# How many lambs per year?



## francismilker (Jan 12, 2006)

I'm relatively new to sheep. I have Katadin and Dorper hairsheep. (Dorper ram and two dorper ewes, 4 katadin ewes.) 

I've seen my ram in action lately breeding and making attempted mounts on ewes. I know the gestation is five months for sheep. My question is: How many "litters" do sheep have each year? Are the like deer and just have one? Or, do they continually rebreed after each birthing provided they are in good body condition? 

Also, do sheep generally birth their babys without help? Or, are they like first time heifers that have to be watched constantly? 

Thanks a lot for the help.


----------



## sheepish (Dec 9, 2006)

How many litters depends on the breed. Both your Dorper ram and the Katahdin and Dorper ewes can breed out of season, meaning that they are can be fertile any time of the year. Most breeds are seasonal, and have a more limited breeding season, which limits them to one crop per year.

You probably wouldn't want to allow them to breed more than once every 8 months. Even with ewes in optimal condition, it would be hard on them to lamb more often.

One concern with timing of breeding is your facility. Are you going to be able to deal with ewes in various stages of their cycle (open, pregnant, about to lamb, nursing) at the same time? It is easier to have everyone at the same stage. 

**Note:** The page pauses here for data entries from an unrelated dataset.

lemma branch_quotient_has_field_derivative:
  assumes b: "is_branch c U l0" and t: "t \<in> U"
  shows "((\<lambda>s. eval2 p (l0 s) c * inverse (4 * l0 s ^ 3 - c) ^ a) has_field_derivative
           eval2 (deriv_numerator a p) (l0 t) c * inverse (4 * l0 t ^ 3 - c) ^ (a + 2)) (at t)"
proof -
  define D where "D = 4 * l0 t ^ 3 - c"
  have D_nz: "D \<noteq> 0"
    using branch_disc_nonzero[OF b t] by (simp add: D_def)
  have l0_deriv: "(l0 has_field_derivative - (l0 t ^ 2) / D) (at t)"
    using branch_has_field_derivative[OF b t] by (simp add: D_def)
  have inv_D_deriv: "((\<lambda>s. inverse (4 * l0 s ^ 3 - c)) has_field_derivative
      12 * l0 t ^ 4 * inverse D ^ 3) (at t)"
    unfolding D_def
    by (rule derivative_eq_intros l0_deriv[unfolded D_def] refl | use D_nz in
        \<open>simp add: D_def field_simps power2_eq_square power3_eq_cube power4_eq_xxxx\<close>)+
  show ?thesis
  proof (induction a)
    case 0
    have "((\<lambda>s. eval2 p (l0 s) c) has_field_derivative
            eval2 (pderiv p) (l0 t) c * (- (l0 t ^ 2) / D)) (at t)"
      by (rule DERIV_chain2[OF eval2_has_field_derivative l0_deriv])
    moreover have "eval2 (pderiv p) (l0 t) c * (- (l0 t ^ 2) / D)
        = eval2 (deriv_numerator 0 p) (l0 t) c * inverse D ^ 2"
      using D_nz by (simp add: deriv_numerator_def D_def[symmetric] field_simps power2_eq_square)
    ultimately show ?case
      by (simp add: D_def power2_eq_square)
  next
    case (Suc a)
    have "((\<lambda>s. eval2 p (l0 s) c * inverse (4 * l0 s ^ 3 - c) ^ Suc a) has_field_derivative
        eval2 (deriv_numerator a p) (l0 t) c * inverse D ^ (a + 2) * inverse D
         + (eval2 p (l0 t) c * inverse D ^ a) * (12 * l0 t ^ 4 * inverse D ^ 3)) (at t)"
      using DERIV_mult[OF Suc.IH inv_D_deriv] unfolding D_def by (simp add: algebra_simps)
    moreover have "eval2 (deriv_numerator a p) (l0 t) c * inverse D ^ (a + 2) * inverse D
         + (eval2 p (l0 t) c * inverse D ^ a) * (12 * l0 t ^ 4 * inverse D ^ 3)
       = eval2 (deriv_numerator (Suc a) p) (l0 t) c * inverse D ^ (Suc a + 2)"
      by (simp add: deriv_numerator_def algebra_simps power_add power3_eq_cube)
    ultimately show ?case
      by (simp only: D_def)
  qed
qed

This will allow you to be more vigilant when they are due to lamb. Most ewes will lamb and adopt their lambs without any interference from you. However there are some some deliveries and some lamb starts that don't go well. You may be needed to help with the delivery or to help get the lamb nursing. That is where vigilance comes in. It is much easier if you know when the ewes were bred, so that you can watch them more closely when they are due. That is much less stressful if the whole group is due about the same time.


----------